I… forgot I didn’t have proper cutters.

First: remove from basket. Basket.

I didn’t have a cutter so I ended up using pliers. And I had to cut the basket open because the roots are overgrown. You can see some of the fern rhizome at the bottom and to the left of the plant. (Please ignore the messy table. I’m not very neat at plot).

Bugger.

Look at that mess! It’d been potted in I think wood chips, and it’s… a mess. Loads of dead root, and that’s 80% fern root. I really dislike fern-root now, because it a) gets everywhere, and b) actually can cut your fingers if you’re not careful. I’ve got marks on my thumb and index finger where they bit and cut into my skin. Fortunately, it’s mostly superficial.

I admit I was less careful, because a lot of the bottom bits were dead roots. So I pretty much indiscriminately cut away whatever I could, and extracted rhizomes and roots everywhere else. Those rhizomes are hard to get, I bent a pair of tweezers digging one out.

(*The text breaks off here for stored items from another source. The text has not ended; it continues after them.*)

lemma permute_list_mem_iff:
  assumes "\<pi> permutes {..<n}" and "xs \<in> basis_idx D n"
    and E: "\<And>\<sigma> t. \<sigma> permutes {..<n} \<Longrightarrow> t \<in> E \<Longrightarrow> permute_list \<sigma> t \<in> E"
  shows "permute_list \<pi> xs \<in> E \<longleftrightarrow> xs \<in> E"
  using E[OF assms(1), of xs] E[OF permutes_inv[OF assms(1)], of "permute_list \<pi> xs"]
    permute_list_inv_cancel[OF assms(1,2)]
  by auto

lemma perm_invariant_iff:
  "perm_invariant D n \<rho> \<longleftrightarrow> (\<forall>\<pi>. \<pi> permutes {..<n} \<longrightarrow> (\<forall>xs\<in>basis_idx D n. \<forall>ys\<in>basis_idx D n.
     \<rho> (permute_list \<pi> xs) (permute_list \<pi> ys) = \<rho> xs ys))"
  by (simp add: perm_invariant_def permute_list_def basis_idx_def)

lemma tensor_vec_permute_list:
  assumes "\<pi> permutes {..<n}" and "s \<in> basis_idx D n" and "xs \<in> basis_idx D n"
  shows "tensor_vec u n (permute_list \<pi> s) (permute_list \<pi> xs) = tensor_vec u n s xs"
proof -
  have "tensor_vec u n (permute_list \<pi> s) (permute_list \<pi> xs) = (\<Prod>k<n. u (s ! \<pi> k) (xs ! \<pi> k))"
    using assms unfolding tensor_vec_def by (intro prod.cong refl) (simp add: basis_idx_def permute_list_nth)
  also have "\<dots> = tensor_vec u n s xs"
    using prod.permute[OF assms(1), of "\<lambda>k. u (s ! k) (xs ! k)"] by (simp add: tensor_vec_def comp_def)
  finally show ?thesis .
qed

lemma diag_weight_permute_list:
  assumes p: "\<pi> permutes {..<n}" and inv: "perm_invariant D n \<rho>" and s: "s \<in> basis_idx D n"
  shows "diag_weight D u n \<rho> (permute_list \<pi> s) = diag_weight D u n \<rho> s"
proof -
  let ?F = "\<lambda>xs ys. cnj (tensor_vec u n (permute_list \<pi> s) xs) * \<rho> xs ys * tensor_vec u n (permute_list \<pi> s) ys"
  have "diag_weight D u n \<rho> (permute_list \<pi> s)
      = (\<Sum>xs\<in>basis_idx D n. \<Sum>ys\<in>basis_idx D n. ?F (permute_list \<pi> xs) (permute_list \<pi> ys))"
    unfolding diag_weight_def
    by (subst sum_permute_list[OF p, symmetric], rule sum.cong[OF refl],
        subst sum_permute_list[OF p, symmetric], rule refl)
  also have "\<dots> = diag_weight D u n \<rho> s"
    using inv p s unfolding diag_weight_def perm_invariant_iff
    by (intro sum.cong refl) (simp add: tensor_vec_permute_list)
  finally show ?thesis .
qed

definition superposition ::
  "nat \<Rightarrow> (nat \<Rightarrow> nat \<Rightarrow> complex) \<Rightarrow> nat \<Rightarrow> (nat list \<Rightarrow> complex) \<Rightarrow> nat list \<Rightarrow> complex" where
  "superposition D u n w xs = (\<Sum>t\<in>basis_idx D n. w t * tensor_vec u n t xs)"

definition pure_state ::
  "nat \<Rightarrow> (nat \<Rightarrow> nat \<Rightarrow> complex) \<Rightarrow> nat \<Rightarrow> (nat list \<Rightarrow> complex) \<Rightarrow> nat list \<Rightarrow> nat list \<Rightarrow> complex" where
  "pure_state D u n w xs ys = superposition D u n w xs * cnj (superposition D u n w ys)"

lemma coefficient_superposition:
  assumes orth: "orthonormal D D u" and s: "s \<in> basis_idx D n"
  shows "(\<Sum>xs\<in>basis_idx D n. cnj (tensor_vec u n s xs) * superposition D u n w xs) = w s"
proof -
  have "(\<Sum>xs\<in>basis_idx D n. cnj (tensor_vec u n s xs) * superposition D u n w xs)
      = (\<Sum>t\<in>basis_idx D n. w t * (\<Sum>xs\<in>basis_idx D n. cnj (tensor_vec u n s xs) * tensor_vec u n t xs))"
    unfolding superposition_def sum_distrib_left by (subst sum.swap) (simp add: ac_simps)
  also have "\<dots> = (\<Sum>t\<in>basis_idx D n. if t = s then w t else 0)"
    using tensor_vec_orthonormal[OF orth s] by (intro sum.cong refl) auto
  finally show ?thesis
    using s by simp
qed

lemma diag_weight_pure_state:
  assumes "orthonormal D D u" and "s \<in> basis_idx D n"
  shows "diag_weight D u n (pure_state D u n w) s = w s * cnj (w s)"
proof -
  have "diag_weight D u n (pure_state D u n w) s
      = (\<Sum>xs\<in>basis_idx D n. cnj (tensor_vec u n s xs) * superposition D u n w xs)
      * (\<Sum>ys\<in>basis_idx D n. cnj (superposition D u n w ys) * tensor_vec u n s ys)"
    unfolding diag_weight_def pure_state_def sum_product by (simp only: ac_simps)
  also have "(\<Sum>ys\<in>basis_idx D n. cnj (superposition D u n w ys) * tensor_vec u n s ys)
      = cnj (\<Sum>ys\<in>basis_idx D n. cnj (tensor_vec u n s ys) * superposition D u n w ys)"
    by (simp add: mult.commute)
  finally show ?thesis
    by (simp only: coefficient_superposition[OF assms])
qed

lemma density_op_pure_state:
  assumes orth: "orthonormal D D u" and norm: "(\<Sum>t\<in>basis_idx D n. w t * cnj (w t)) = 1"
  shows "density_op D n (pure_state D u n w)"
  unfolding density_op_def
proof (intro conjI ballI allI)
  fix xs ys
  show "pure_state D u n w ys xs = cnj (pure_state D u n w xs ys)"
    by (simp add: pure_state_def)
next
  fix v :: "nat list \<Rightarrow> complex"
  define z where "z = (\<Sum>xs\<in>basis_idx D n. cnj (v xs) * superposition D u n w xs)"
  have "(\<Sum>xs\<in>basis_idx D n. \<Sum>ys\<in>basis_idx D n. cnj (v xs) * pure_state D u n w xs ys * v ys)
      = z * (\<Sum>ys\<in>basis_idx D n. cnj (superposition D u n w ys) * v ys)"
    unfolding z_def pure_state_def sum_product by (simp only: ac_simps)
  also have "(\<Sum>ys\<in>basis_idx D n. cnj (superposition D u n w ys) * v ys) = cnj z"
    by (simp add: z_def mult.commute)
  also have "z * cnj z = of_real ((Re z)\<^sup>2 + (Im z)\<^sup>2)"
    by (rule complex_mult_cnj)
  finally show "0 \<le> Re (\<Sum>xs\<in>basis_idx D n. \<Sum>ys\<in>basis_idx D n. cnj (v xs) * pure_state D u n w xs ys * v ys)"
    by simp
next
  have "(\<Sum>xs\<in>basis_idx D n. pure_state D u n w xs xs)
      = (\<Sum>s\<in>basis_idx D n. diag_weight D u n (pure_state D u n w) s)"
    by (rule sum_diag_weight[OF orth, symmetric])
  also have "\<dots> = 1"
    using norm diag_weight_pure_state[OF orth] by simp
  finally show "(\<Sum>xs\<in>basis_idx D n. pure_state D u n w xs xs) = 1" .
qed

lemma perm_invariant_pure_state:
  assumes sym: "\<And>\<pi> t. \<pi> permutes {..<n} \<Longrightarrow> t \<in> basis_idx D n \<Longrightarrow> w (permute_list \<pi> t) = w t"
  shows "perm_invariant D n (pure_state D u n w)"
proof -
  have "superposition D u n w (permute_list \<pi> xs) = superposition D u n w xs"
    if p: "\<pi> permutes {..<n}" and xs: "xs \<in> basis_idx D n" for \<pi> xs
  proof -
    have "superposition D u n w (permute_list \<pi> xs)
        = (\<Sum>t\<in>basis_idx D n. w (permute_list \<pi> t) * tensor_vec u n (permute_list \<pi> t) (permute_list \<pi> xs))"
      unfolding superposition_def by (rule sum_permute_list[OF p, symmetric])
    also have "\<dots> = superposition D u n w xs"
      unfolding superposition_def using sym p xs by (intro sum.cong refl) (simp add: tensor_vec_permute_list)
    finally show ?thesis .
  qed
  then show ?thesis
    unfolding perm_invariant_iff pure_state_def by simp
qed

definition uniform_state ::
  "nat \<Rightarrow> (nat \<Rightarrow> nat \<Rightarrow> complex) \<Rightarrow> nat \<Rightarrow> nat list set \<Rightarrow> nat list \<Rightarrow> nat list \<Rightarrow> complex" where
  "uniform_state D u n E = pure_state D u n (\<lambda>t. if t \<in> E then of_real (1 / sqrt (card E)) else 0)"

lemma uniform_state:
  assumes orth: "orthonormal D D u" and E: "E \<subseteq> basis_idx D n" "E \<noteq> {}"
    and closed: "\<And>\<pi> t. \<pi> permutes {..<n} \<Longrightarrow> t \<in> E \<Longrightarrow> permute_list \<pi> t \<in> E"
  shows uniform_state_density_op: "density_op D n (uniform_state D u n E)"
    and uniform_state_perm_invariant: "perm_invariant D n (uniform_state D u n E)"
    and diag_weight_uniform_state: "\<And>s. s \<in> basis_idx D n \<Longrightarrow>
      Re (diag_weight D u n (uniform_state D u n E) s) = (if s \<in> E then 1 / card E else 0)"
proof -
  define w where "w t = (if t \<in> E then complex_of_real (1 / sqrt (card E)) else 0)" for t
  have w_sq: "w t * cnj (w t) = of_real (if t \<in> E then 1 / card E else 0)" for t
    by (simp add: w_def flip: of_real_mult add: real_sqrt_mult[symmetric])
  have "card E > 0"
    using E finite_subset[OF E(1)] by (simp add: card_gt_0_iff)
  then have "(\<Sum>t\<in>basis_idx D n. w t * cnj (w t)) = 1"
    using E(1) by (simp add: w_sq sum.If_cases Int_absorb1 flip: of_real_sum)
  then show "density_op D n (uniform_state D u n E)"
    unfolding uniform_state_def w_def[symmetric] by (rule density_op_pure_state[OF orth])
  show "perm_invariant D n (uniform_state D u n E)"
    unfolding uniform_state_def w_def[symmetric]
    by (rule perm_invariant_pure_state) (simp add: w_def permute_list_mem_iff closed)
  show "Re (diag_weight D u n (uniform_state D u n E) s) = (if s \<in> E then 1 / card E else 0)"
    if "s \<in> basis_idx D n" for s
    unfolding uniform_state_def w_def[symmetric] diag_weight_pure_state[OF orth that] w_sq by simp
qed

Behold the mess (ft one dried airplant). I removed almost all of the fern roots and the almost non-existent wood chips (the degradation of media was terrible, poor schomburgkia), as well as that incredibly annoying fern rhizome.

I should add that I actually cut it in several places several times, and it kept. on. growing. It’s worse than a hydra, one of the bits even started growing exactly where I cut it off. It’s just as bad as that hairy-creeper vine at the plot that needs to be exterminated.

5 divisions from one plant.

The resulting divisions were much smaller, and I actually sub-divided one further. .

I repotted three of them into woodchips and a bit of charcoal (and forgot to water them, damnnit), these are the ones with a bit more growth and roots.

The rest of the divisions I brought back, because the largest in the picture (rightmost piece) was further divided into 2. They’ll be given away (two have already been claimed!) while I slowly let these two pots grow. Flowering might be a long way off though but hey, my macradenia just grew a new flower spike!